NUMA das parábolas de S. Lucas, o Senhor propõe aos seus discípulos a seguinte imagem: «Porque reparas no argueiro que está na vista do teu irmão, e não reparas na trave que está na tua própria vista? Como podes dizer a teu irmão: ‘Irmão, deixa-me tirar o argueiro da tua vista’, tu que não vês a trave que está na tua?» (Lc 6, 41-43). Todos temos a tendência para julgar mais rapidamente os comportamentos dos outros antes dos nossos próprios. Contudo, o Senhor é claro e insiste nisto: se queremos melhorar o ambiente e as pessoas que nos rodeiam, o caminho é melhorarmos nós próprios, limpar primeiro os nossos olhos, deixarmo-nos alcançar pela misericórdia de Deus.
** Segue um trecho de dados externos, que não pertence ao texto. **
(* Let $\{a,b\}$ be a $2$-element generating set of a finite abelian group $G$. For every integer $k$ with $0\le k<|G|$, there is a spanning quasi-path $P$ in $\mathrm{Cay}(G;a,b)$ such that $\delta_b(P)=k$.
   Context: The Cayley digraph $\mathrm{Cay}(G;a,b)$ has vertex set $G$ and an arc from $v$ to $v+s$ for all $v\in G$, $s\in\{a,b\}$; such an arc is an $s$-edge, and $\delta_b(P)$ denotes the number of $b$-edges in a subdigraph $P$. A spanning quasi-path in a digraph is a spanning subdigraph such that exactly one connected component is a directed path and all other components are directed cycles. *)

theory Defs
  imports Main
begin

inductive_set gen2 :: "'a::ab_group_add \<Rightarrow> 'a \<Rightarrow> 'a set" for a b where
  zero: "0 \<in> gen2 a b"
| gen_a: "a \<in> gen2 a b"
| gen_b: "b \<in> gen2 a b"
| add: "x \<in> gen2 a b \<Longrightarrow> y \<in> gen2 a b \<Longrightarrow> x + y \<in> gen2 a b"
| neg: "x \<in> gen2 a b \<Longrightarrow> - x \<in> gen2 a b"

definition generates2 :: "'a::ab_group_add \<Rightarrow> 'a \<Rightarrow> bool" where
  "generates2 a b \<longleftrightarrow> gen2 a b = UNIV"

definition cay_arcs :: "'a::ab_group_add \<Rightarrow> 'a \<Rightarrow> ('a \<times> 'a) set" where
  "cay_arcs a b = {(v, v + s) | v s. s \<in> {a, b}}"

definition components :: "'v set \<Rightarrow> ('v \<times> 'v) set \<Rightarrow> 'v set set" where
  "components V E = V // ((E \<union> E\<inverse>)\<^sup>* \<inter> (V \<times> V))"

definition arcs_in :: "'v set \<Rightarrow> ('v \<times> 'v) set \<Rightarrow> ('v \<times> 'v) set" where
  "arcs_in C E = {e \<in> E. fst e \<in> C \<and> snd e \<in> C}"

definition is_dipath :: "'v set \<Rightarrow> ('v \<times> 'v) set \<Rightarrow> bool" where
  "is_dipath C F \<longleftrightarrow> (\<exists>xs. xs \<noteq> [] \<and> distinct xs \<and> set xs = C \<and> F = set (zip xs (tl xs)))"

definition is_dicycle :: "'v set \<Rightarrow> ('v \<times> 'v) set \<Rightarrow> bool" where
  "is_dicycle C F \<longleftrightarrow> (\<exists>xs. xs \<noteq> [] \<and> distinct xs \<and> set xs = C \<and> F = set (zip xs (tl xs @ [hd xs])))"

definition spanning_quasi_path :: "'v set \<Rightarrow> ('v \<times> 'v) set \<Rightarrow> ('v \<times> 'v) set \<Rightarrow> bool" where
  "spanning_quasi_path V A E \<longleftrightarrow>
     E \<subseteq> A \<and>
     (\<forall>C \<in> components V E. is_dipath C (arcs_in C E) \<or> is_dicycle C (arcs_in C E)) \<and>
     card {C \<in> components V E. is_dipath C (arcs_in C E)} = 1"

definition delta_b :: "'a::ab_group_add \<Rightarrow> ('a \<times> 'a) set \<Rightarrow> nat" where
  "delta_b b E = card {e \<in> E. snd e = fst e + b}"

end

theory Submission
  imports Defs "HOL-Combinatorics.Cycles" "HOL-Combinatorics.Orbits"
begin

(* Let C be a set of vertices with 0 \<in> C such that c + (a - b) \<in> C for every nonzero c \<in> C.
   The map sending v to v + a for v \<in> C and to v + b otherwise is then injective away from 0,
   so its arcs out of the nonzero vertices form a spanning quasi-path: adding one arc out of 0
   turns the map into a permutation, whose cycles are the components, and deleting that arc
   again opens the cycle through 0 into a path.  The b-edges are the arcs out of the vertices
   outside C, and sets C of every size 1, ..., |G| exist: enlarge C one vertex at a time, and
   when no single vertex can be added, trade the nonzero multiples of a - b for a whole coset
   of them. *)

lemma last_notin_set_zip_tl: "distinct xs \<Longrightarrow> (last xs, y) \<notin> set (zip xs (tl xs))"
  by (induction xs rule: induct_list012) auto

lemma zip_Cons_snoc: "zip (x # xs) (xs @ [y]) = zip (x # xs) xs @ [(last (x # xs), y)]"
  by (induction xs arbitrary: x) auto

lemma set_zip_tl_eq_rotate1_Diff:
  assumes "distinct xs" and "xs \<noteq> []"
  shows "set (zip xs (tl xs)) = set (zip xs (rotate1 xs)) - {(last xs, hd xs)}"
  using last_notin_set_zip_tl[OF assms(1)] \<open>xs \<noteq> []\<close>
  by (cases xs) (auto simp: zip_Cons_snoc simp del: last.simps)

lemma set_zip_rotate1_eq_graph:
  assumes "map f xs = rotate1 xs"
  shows "set (zip xs (rotate1 xs)) = {(u, f u) | u. u \<in> set xs}"
proof -
  have "zip xs (map f xs) = map (\<lambda>u. (u, f u)) xs"
    by (induction xs) auto
  then show ?thesis
    unfolding assms[symmetric] by auto
qed

lemma dipath_has_sink:
  assumes "is_dipath C F"
  obtains v where "v \<in> C" and "\<And>w. (v, w) \<notin> F"
proof -
  from assms obtain xs where "xs \<noteq> []" "distinct xs" "set xs = C" "F = set (zip xs (tl xs))"
    unfolding is_dipath_def by blast
  then show thesis
    using that[of "last xs"] last_notin_set_zip_tl[of xs] by auto
qed

abbreviation component :: "('v \<times> 'v) set \<Rightarrow> 'v \<Rightarrow> 'v set" where
  "component E v \<equiv> (E \<union> E\<inverse>)\<^sup>* `` {v}"

lemma components_UNIV: "components UNIV E = range (component E)"
  unfolding components_def quotient_def by auto

lemma component_subset_if_closed:
  assumes "v \<in> S" and "\<And>x y. (x, y) \<in> E \<Longrightarrow> x \<in> S \<longleftrightarrow> y \<in> S"
  shows "component E v \<subseteq> S"
proof
  fix w assume "w \<in> component E v"
  then have "(v, w) \<in> (E \<union> E\<inverse>)\<^sup>*" by simp
  then show "w \<in> S" by induction (use assms in auto)
qed

lemma set_subset_rtrancl_Image_hd:
  "set (zip xs (tl xs)) \<subseteq> E \<Longrightarrow> set xs \<subseteq> E\<^sup>* `` {hd xs}"
proof (induction xs rule: induct_list012)
  case (3 x y zs)
  then have "set (y # zs) \<subseteq> E\<^sup>* `` {y}" and "(x, y) \<in> E" by auto
  then show ?case by (auto intro: converse_rtrancl_into_rtrancl)
qed auto

lemma component_eq_walk_set:
  assumes walk: "set (zip xs (tl xs)) \<subseteq> E"
    and closed: "\<And>x y. (x, y) \<in> E \<Longrightarrow> x \<in> set xs \<longleftrightarrow> y \<in> set xs"
    and v: "v \<in> set xs"
  shows "component E v = set xs"
proof
  show "component E v \<subseteq> set xs"
    using v closed by (rule component_subset_if_closed)
  have sym: "sym ((E \<union> E\<inverse>)\<^sup>*)"
    by (intro sym_rtrancl) (auto simp: sym_def)
  have "set xs \<subseteq> component E (hd xs)"
    using set_subset_rtrancl_Image_hd[OF walk] rtrancl_mono[of E "E \<union> E\<inverse>"] by blast
  then show "set xs \<subseteq> component E v"
    using v sym by (blast dest: symD intro: rtrancl_trans)
qed

lemma map_support_eq_rotate1:
  assumes "permutation p"
  shows "map p (support p x) = rotate1 (support p x)"
proof -
  obtain n where n: "least_power p x = Suc n"
    using least_power_of_permutation(2)[OF assms] gr0_implies_Suc by blast
  have "map p (support p x) = map (\<lambda>i. (p ^^ Suc i) x) [0..<Suc n]"
    by (simp add: n)
  also have "\<dots> = map (\<lambda>i. (p ^^ Suc i) x) [0..<n] @ [x]"
    using least_power_of_permutation(1)[OF assms, of x] by (simp add: n)
  also have "\<dots> = rotate1 (support p x)"
    by (simp add: n upt_conv_Cons map_Suc_upt[symmetric] del: upt_Suc funpow.simps)
  finally show ?thesis .
qed

lemma support_ne_Nil: "permutation p \<Longrightarrow> support p x \<noteq> []"
  using least_power_of_permutation(2)[of p x] by simp

lemma hd_support: "permutation p \<Longrightarrow> hd (support p x) = x"
  using least_power_of_permutation(2)[of p x] by (simp add: hd_map)

lemma set_support_eq_orbit: "permutation p \<Longrightarrow> set (support p x) = orbit p x"
  using support_set orbit_altdef_permutation by fastforce

lemma last_support_apply:
  assumes "permutation p"
  shows "last (support p (p x)) = x"
proof -
  let ?cs = "support p (p x)"
  have "p (last ?cs) = last (rotate1 ?cs)"
    using map_support_eq_rotate1[OF assms] support_ne_Nil[OF assms] by (metis last_map)
  also have "\<dots> = p x"
    using support_ne_Nil[OF assms] hd_support[OF assms] by (simp add: rotate1_hd_tl)
  finally show ?thesis
    using permutation_bijective[OF assms] by (simp add: bij_is_inj inj_eq)
qed

lemma apply_in_orbit_iff:
  assumes "permutation p"
  shows "p u \<in> orbit p x \<longleftrightarrow> u \<in> orbit p x"
  by (metis assms cyclic_on_orbit' orbit.step orbit_cyclic_eq3 permutation_orbit_step
      permutation_self_in_orbit)

definition arcs_except :: "('a \<Rightarrow> 'a) \<Rightarrow> 'a \<Rightarrow> ('a \<times> 'a) set" where
  "arcs_except g t = {(v, g v) | v. v \<noteq> t}"

context
  fixes g :: "'a \<Rightarrow> 'a"
  assumes perm: "permutation g"
begin

lemma orbit_closed_arcs_except:
  "(x, z) \<in> arcs_except g t \<Longrightarrow> x \<in> orbit g y \<longleftrightarrow> z \<in> orbit g y"
  using apply_in_orbit_iff[OF perm] by (auto simp: arcs_except_def)

lemma arcs_in_orbit:
  "arcs_in (orbit g x) (arcs_except g t) = {(u, g u) | u. u \<in> orbit g x} - {(t, g t)}"
  using apply_in_orbit_iff[OF perm] by (auto simp: arcs_in_def arcs_except_def)

lemma orbit_through_excluded_vertex:
  shows "is_dipath (orbit g t) (arcs_in (orbit g t) (arcs_except g t))"
    and "v \<in> orbit g t \<Longrightarrow> component (arcs_except g t) v = orbit g t"
proof -
  define ys where "ys = support g (g t)"
  have ys: "ys \<noteq> []" "distinct ys" "set ys = orbit g t"
    using support_ne_Nil[OF perm] cycle_of_permutation[OF perm] set_support_eq_orbit[OF perm]
      permutation_orbit_step[OF perm] by (auto simp: ys_def)
  \<comment> \<open>Listed from g t, the orbit ends in t, so deleting (t, g t) leaves the path along ys.\<close>
  have arcs: "arcs_in (orbit g t) (arcs_except g t) = set (zip ys (tl ys))"
    using set_zip_tl_eq_rotate1_Diff[OF ys(2,1)] arcs_in_orbit
      set_zip_rotate1_eq_graph[OF map_support_eq_rotate1[OF perm]] ys(3)
      last_support_apply[OF perm] hd_support[OF perm]
    by (simp add: ys_def)
  then show "is_dipath (orbit g t) (arcs_in (orbit g t) (arcs_except g t))"
    unfolding is_dipath_def using ys by blast
  show "component (arcs_except g t) v = orbit g t" if "v \<in> orbit g t"
    using component_eq_walk_set[of ys "arcs_except g t" v] arcs orbit_closed_arcs_except ys(3) that
    by (auto simp: arcs_in_def)
qed

lemma orbit_avoiding_excluded_vertex:
  assumes "t \<notin> orbit g x"
  shows "is_dicycle (orbit g x) (arcs_in (orbit g x) (arcs_except g t))"
    and "component (arcs_except g t) x = orbit g x"
proof -
  define cs where "cs = support g x"
  have cs: "cs \<noteq> []" "distinct cs" "set cs = orbit g x" "x \<in> set cs"
    using support_ne_Nil[OF perm] cycle_of_permutation[OF perm] set_support_eq_orbit[OF perm]
      permutation_self_in_orbit[OF perm] by (auto simp: cs_def)
  have arcs: "arcs_in (orbit g x) (arcs_except g t) = set (zip cs (rotate1 cs))"
    using arcs_in_orbit assms set_zip_rotate1_eq_graph[OF map_support_eq_rotate1[OF perm]] cs(3)
    by (simp add: cs_def)
  then show "is_dicycle (orbit g x) (arcs_in (orbit g x) (arcs_except g t))"
    unfolding is_dicycle_def using cs by (auto simp: rotate1_hd_tl)
  have "set (zip cs (tl cs)) \<subseteq> arcs_except g t"
    using set_zip_tl_eq_rotate1_Diff[OF cs(2,1)] arcs by (auto simp: arcs_in_def)
  then show "component (arcs_except g t) x = orbit g x"
    using component_eq_walk_set orbit_closed_arcs_except cs(3,4) by metis
qed

lemma components_arcs_except:
  assumes "C \<in> components UNIV (arcs_except g t)"
  shows "C = orbit g t \<or> (\<exists>x. C = orbit g x \<and> t \<notin> orbit g x)"
proof -
  obtain v where v: "C = component (arcs_except g t) v"
    using assms unfolding components_UNIV by blast
  show ?thesis
  proof (cases "t \<in> orbit g v")
    case True
    have "v \<in> orbit g t"
      by (rule orbit_swap[OF permutation_self_in_orbit[OF perm] True])
    then show ?thesis using v orbit_through_excluded_vertex(2) by blast
  next
    case False
    then show ?thesis using v orbit_avoiding_excluded_vertex(2) by blast
  qed
qed

lemma dipath_components_arcs_except:
  "{C \<in> components UNIV (arcs_except g t). is_dipath C (arcs_in C (arcs_except g t))} = {orbit g t}"
  (is "?D = _")
proof (intro equalityI subsetI)
  fix C assume "C \<in> ?D"
  then have C: "C \<in> components UNIV (arcs_except g t)" "is_dipath C (arcs_in C (arcs_except g t))"
    by auto
  show "C \<in> {orbit g t}"
  proof (rule ccontr)
    assume "C \<notin> {orbit g t}"
    then obtain x where x: "C = orbit g x" "t \<notin> orbit g x"
      using components_arcs_except[OF C(1)] by blast
    obtain v where "v \<in> C" "\<And>w. (v, w) \<notin> arcs_in C (arcs_except g t)"
      using dipath_has_sink[OF C(2)] by blast
    then show False using arcs_in_orbit[of x t] x by auto
  qed
next
  fix C assume "C \<in> {orbit g t}"
  moreover have "orbit g t \<in> components UNIV (arcs_except g t)"
    unfolding components_UNIV
    using orbit_through_excluded_vertex(2)[OF permutation_self_in_orbit[OF perm]] by (metis rangeI)
  ultimately show "C \<in> ?D"
    using orbit_through_excluded_vertex(1) by auto
qed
S. Cirilo de Alexandria comenta: «Porque julgas quando o Mestre ainda não julgou? Se eu não julgo, afirma, também não julgues tu que és o meu discípulo. É possível que sejas culpado daquele a quem julgas»[2]. Antes de avaliar o comportamento dos nossos irmãos, Jesus anima-nos a olhar com sinceridade para o interior do nosso coração. Só então, com a nossa humildade pessoal, estaremos em condições de ver com mais clareza aquilo que nos rodeia. O exame pessoal sincero que conduz ao conhecimento próprio, é o primeiro passo antes de corrigir alguém. Ao descobrir a trave no interior do próprio olho é possível que os argueiros dos outros adquiram outro relevo ou outra dimensão: enchemo-nos de esperança porque sabemos que quem nos vê é um Deus cheio de misericórdia.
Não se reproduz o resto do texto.